BEGIN INFORMATION PROVIDED
(* Let $F$ be a tree ensemble with input dimension $n$ and output dimension $1$, let $V_f$ be a set of variables referenced by $F$, let $\bar c=(c_1,\dots,c_n)\in\mathcal D^n$ and $d=f_{bin}(\bar c;F)$. Let $I\subseteq\{1,\dots,n\}$ be the set returned by the following procedure: set $S=\emptyset$ and $\hat x_i=\alpha(\{c_i\})$ for all $i$; for $i=1,\dots,n$ in order: set $\hat x_i=\top$; if $i\in V_f$, then if $\mathrm{Valid}(\hat x_1,\dots,\hat x_n)$ holds put $S:=S\cup\{i\}$, and otherwise reset $\hat x_i=\alpha(\{c_i\})$; finally return $I=V_f\setminus S$. Here $\mathrm{Valid}(\hat x_1,\dots,\hat x_n)$ holds iff $f_{bin}(\bar x;F)=d$ for every $\bar x\in\gamma(\hat x_1)\times\dots\times\gamma(\hat x_n)$. Then $E=\{(x_i,c_i):i\in I\}$ is a minimal explanation for the prediction $f_{bin}(\bar c;F)=d$: $E$ is valid, and no proper subset of $E$ is valid.
   Context: $\mathcal{D}\subset\mathbb{R}$ is a fixed finite nonempty set. For nonempty $V\subseteq\mathcal D$, $\alpha(V)=[\min V,\max V]$, and $\gamma([l,u])=\{v\in\mathcal D:l\le v\le u\}$; $\top=\alpha(\mathcal D)$, so $\gamma(\top)=\mathcal D$ and $\gamma(\alpha(\{c\}))=\{c\}$. Decision tree $T=\{(X_1,y_1),\dots,(X_k,y_k)\}$: $X_1,\dots,X_k$ partition $\mathcal D^n$, $y_j\in\mathbb R$, $t(\bar x;T)=y_j$ iff $\bar x\in X_j$. Tree ensemble $F=(T_1,\dots,T_b)$: $f(\bar x;F)=\sum_i t(\bar x;T_i)$. Binary classifier: $f_{bin}(\bar x;F)=1$ if $1/(1+e^{-f(\bar x;F)})>0.5$, else $0$. Variables referenced: $V_f\subseteq\{1,\dots,n\}$ is such that, for every tree of $F$ and every leaf region $X_j$, membership $\bar x\in X_j$ does not depend on the coordinates $x_i$ with $i\notin V_f$ (i.e. $V_f$ contains the union of the coordinates tested by the decision rules of the trees). Valid explanation: $E\subseteq\{(x_1,c_1),\dots,(x_n,c_n)\}$ is valid for the prediction $f_{bin}(\bar c;F)=d$ iff every $\bar x\in\mathcal D^n$ with $x_i=c_i$ for all $(x_i,c_i)\in E$ satisfies $f_{bin}(\bar x;F)=d$. A valid explanation is minimal iff none of its proper subsets is valid. *)

theory Defs
  imports "HOL-Library.FuncSet" Complex_Main
begin

definition points :: "real set \<Rightarrow> nat \<Rightarrow> (nat \<Rightarrow> real) set" where
  "points D n = PiE {1..n} (\<lambda>_. D)"

type_synonym ival = "real \<times> real"

definition alpha :: "real set \<Rightarrow> ival" where
  "alpha V = (Min V, Max V)"

definition gamma :: "real set \<Rightarrow> ival \<Rightarrow> real set" where
  "gamma D I = {v \<in> D. fst I \<le> v \<and> v \<le> snd I}"

definition top_iv :: "real set \<Rightarrow> ival" where
  "top_iv D = alpha D"

text \<open>A decision tree: a list of leaves (X_j, y_j) whose regions partition D^n.\<close>
type_synonym tree = "((nat \<Rightarrow> real) set \<times> real) list"

definition is_tree :: "real set \<Rightarrow> nat \<Rightarrow> tree \<Rightarrow> bool" where
  "is_tree D n T \<longleftrightarrow>
     (\<forall>j < length T. fst (T ! j) \<noteq> {} \<and> fst (T ! j) \<subseteq> points D n) \<and>
     (\<forall>j < length T. \<forall>k < length T. j \<noteq> k \<longrightarrow> fst (T ! j) \<inter> fst (T ! k) = {}) \<and>
     (\<Union>j < length T. fst (T ! j)) = points D n"

definition tree_val :: "(nat \<Rightarrow> real) \<Rightarrow> tree \<Rightarrow> real" where
  "tree_val x T = (THE y. \<exists>j < length T. x \<in> fst (T ! j) \<and> y = snd (T ! j))"

definition ens_val :: "(nat \<Rightarrow> real) \<Rightarrow> tree list \<Rightarrow> real" where
  "ens_val x F = (\<Sum>i < length F. tree_val x (F ! i))"

definition fbin :: "(nat \<Rightarrow> real) \<Rightarrow> tree list \<Rightarrow> nat" where
  "fbin x F = (if 1 / (1 + exp (- ens_val x F)) > 0.5 then 1 else 0)"

definition referenced :: "real set \<Rightarrow> nat \<Rightarrow> tree list \<Rightarrow> nat set \<Rightarrow> bool" where
  "referenced D n F Vf \<longleftrightarrow> Vf \<subseteq> {1..n} \<and>
     (\<forall>T \<in> set F. \<forall>j < length T. \<forall>x \<in> points D n. \<forall>x' \<in> points D n.
        (\<forall>i \<in> Vf. x i = x' i) \<longrightarrow> (x \<in> fst (T ! j) \<longleftrightarrow> x' \<in> fst (T ! j)))"

definition Valid :: "real set \<Rightarrow> nat \<Rightarrow> tree list \<Rightarrow> nat \<Rightarrow> (nat \<Rightarrow> ival) \<Rightarrow> bool" where
  "Valid D n F d xh \<longleftrightarrow> (\<forall>x \<in> PiE {1..n} (\<lambda>i. gamma D (xh i)). fbin x F = d)"

definition proc_step :: "real set \<Rightarrow> nat \<Rightarrow> tree list \<Rightarrow> nat \<Rightarrow> nat set \<Rightarrow> (nat \<Rightarrow> real)
    \<Rightarrow> nat set \<times> (nat \<Rightarrow> ival) \<Rightarrow> nat \<Rightarrow> nat set \<times> (nat \<Rightarrow> ival)" where
  "proc_step D n F d Vf c st i =
     (let S = fst st; xh' = (snd st)(i := top_iv D) in
      if i \<in> Vf then
        (if Valid D n F d xh' then (S \<union> {i}, xh')
         else (S, xh'(i := alpha {c i})))
      else (S, xh'))"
END INFORMATION PROVIDED
* **EXERCISE AIM**
Without altering a single word, transcribe the entries above.

* **FINISHED TASK**
(* Let $F$ be a tree ensemble with input dimension $n$ and output dimension $1$, let $V_f$ be a set of variables referenced by $F$, let $\bar c=(c_1,\dots,c_n)\in\mathcal D^n$ and $d=f_{bin}(\bar c;F)$. Let $I\subseteq\{1,\dots,n\}$ be the set returned by the following procedure: set $S=\emptyset$ and $\hat x_i=\alpha(\{c_i\})$ for all $i$; for $i=1,\dots,n$ in order: set $\hat x_i=\top$; if $i\in V_f$, then if $\mathrm{Valid}(\hat x_1,\dots,\hat x_n)$ holds put $S:=S\cup\{i\}$, and otherwise reset $\hat x_i=\alpha(\{c_i\})$; finally return $I=V_f\setminus S$. Here $\mathrm{Valid}(\hat x_1,\dots,\hat x_n)$ holds iff $f_{bin}(\bar x;F)=d$ for every $\bar x\in\gamma(\hat x_1)\times\dots\times\gamma(\hat x_n)$. Then $E=\{(x_i,c_i):i\in I\}$ is a minimal explanation for the prediction $f_{bin}(\bar c;F)=d$: $E$ is valid, and no proper subset of $E$ is valid.
   Context: $\mathcal{D}\subset\mathbb{R}$ is a fixed finite nonempty set. For nonempty $V\subseteq\mathcal D$, $\alpha(V)=[\min V,\max V]$, and $\gamma([l,u])=\{v\in\mathcal D:l\le v\le u\}$; $\top=\alpha(\mathcal D)$, so $\gamma(\top)=\mathcal D$ and $\gamma(\alpha(\{c\}))=\{c\}$. Decision tree $T=\{(X_1,y_1),\dots,(X_k,y_k)\}$: $X_1,\dots,X_k$ partition $\mathcal D^n$, $y_j\in\mathbb R$, $t(\bar x;T)=y_j$ iff $\bar x\in X_j$. Tree ensemble $F=(T_1,\dots,T_b)$: $f(\bar x;F)=\sum_i t(\bar x;T_i)$. Binary classifier: $f_{bin}(\bar x;F)=1$ if $1/(1+e^{-f(\bar x;F)})>0.5$, else $0$. Variables referenced: $V_f\subseteq\{1,\dots,n\}$ is such that, for every tree of $F$ and every leaf region $X_j$, membership $\bar x\in X_j$ does not depend on the coordinates $x_i$ with $i\notin V_f$ (i.e. $V_f$ contains the union of the coordinates tested by the decision rules of the trees). Valid explanation: $E\subseteq\{(x_1,c_1),\dots,(x_n,c_n)\}$ is valid for the prediction $f_{bin}(\bar c;F)=d$ iff every $\bar x\in\mathcal D^n$ with $x_i=c_i$ for all $(x_i,c_i)\in E$ satisfies $f_{bin}(\bar x;F)=d$. A valid explanation is minimal iff none of its proper subsets is valid. *)

theory Defs
  imports "HOL-Library.FuncSet" Complex_Main
begin

definition points :: "real set \<Rightarrow> nat \<Rightarrow> (nat \<Rightarrow> real) set" where
  "points D n = PiE {1..n} (\<lambda>_. D)"

type_synonym ival = "real \<times> real"

definition alpha :: "real set \<Rightarrow> ival" where
  "alpha V = (Min V, Max V)"

definition gamma :: "real set \<Rightarrow> ival \<Rightarrow> real set" where
  "gamma D I = {v \<in> D. fst I \<le> v \<and> v \<le> snd I}"

definition top_iv :: "real set \<Rightarrow> ival" where
  "top_iv D = alpha D"

text \<open>A decision tree: a list of leaves (X_j, y_j) whose regions partition D^n.\<close>
type_synonym tree = "((nat \<Rightarrow> real) set \<times> real) list"

definition is_tree :: "real set \<Rightarrow> nat \<Rightarrow> tree \<Rightarrow> bool" where
  "is_tree D n T \<longleftrightarrow>
     (\<forall>j < length T. fst (T ! j) \<noteq> {} \<and> fst (T ! j) \<subseteq> points D n) \<and>
     (\<forall>j < length T. \<forall>k < length T. j \<noteq> k \<longrightarrow> fst (T ! j) \<inter> fst (T ! k) = {}) \<and>
     (\<Union>j < length T. fst (T ! j)) = points D n"

definition tree_val :: "(nat \<Rightarrow> real) \<Rightarrow> tree \<Rightarrow> real" where
  "tree_val x T = (THE y. \<exists>j < length T. x \<in> fst (T ! j) \<and> y = snd (T ! j))"

definition ens_val :: "(nat \<Rightarrow> real) \<Rightarrow> tree list \<Rightarrow> real" where
  "ens_val x F = (\<Sum>i < length F. tree_val x (F ! i))"

definition fbin :: "(nat \<Rightarrow> real) \<Rightarrow> tree list \<Rightarrow> nat" where
  "fbin x F = (if 1 / (1 + exp (- ens_val x F)) > 0.5 then 1 else 0)"

definition referenced :: "real set \<Rightarrow> nat \<Rightarrow> tree list \<Rightarrow> nat set \<Rightarrow> bool" where
  "referenced D n F Vf \<longleftrightarrow> Vf \<subseteq> {1..n} \<and>
     (\<forall>T \<in> set F. \<forall>j < length T. \<forall>x \<in> points D n. \<forall>x' \<in> points D n.
        (\<forall>i \<in> Vf. x i = x' i) \<longrightarrow> (x \<in> fst (T ! j) \<longleftrightarrow> x' \<in> fst (T ! j)))"

definition Valid :: "real set \<Rightarrow> nat \<Rightarrow> tree list \<Rightarrow> nat \<Rightarrow> (nat \<Rightarrow> ival) \<Rightarrow> bool" where
  "Valid D n F d xh \<longleftrightarrow> (\<forall>x \<in> PiE {1..n} (\<lambda>i. gamma D (xh i)). fbin x F = d)"

definition proc_step :: "real set \<Rightarrow> nat \<Rightarrow> tree list \<Rightarrow> nat \<Rightarrow> nat set \<Rightarrow> (nat \<Rightarrow> real)
    \<Rightarrow> nat set \<times> (nat \<Rightarrow> ival) \<Rightarrow> nat \<Rightarrow> nat set \<times> (nat \<Rightarrow> ival)" where
  "proc_step D n F d Vf c st i =
     (let S = fst st; xh' = (snd st)(i := top_iv D) in
      if i \<in> Vf then
        (if Valid D n F d xh' then (S \<union> {i}, xh')
         else (S, xh'(i := alpha {c i})))
      else (S, xh'))"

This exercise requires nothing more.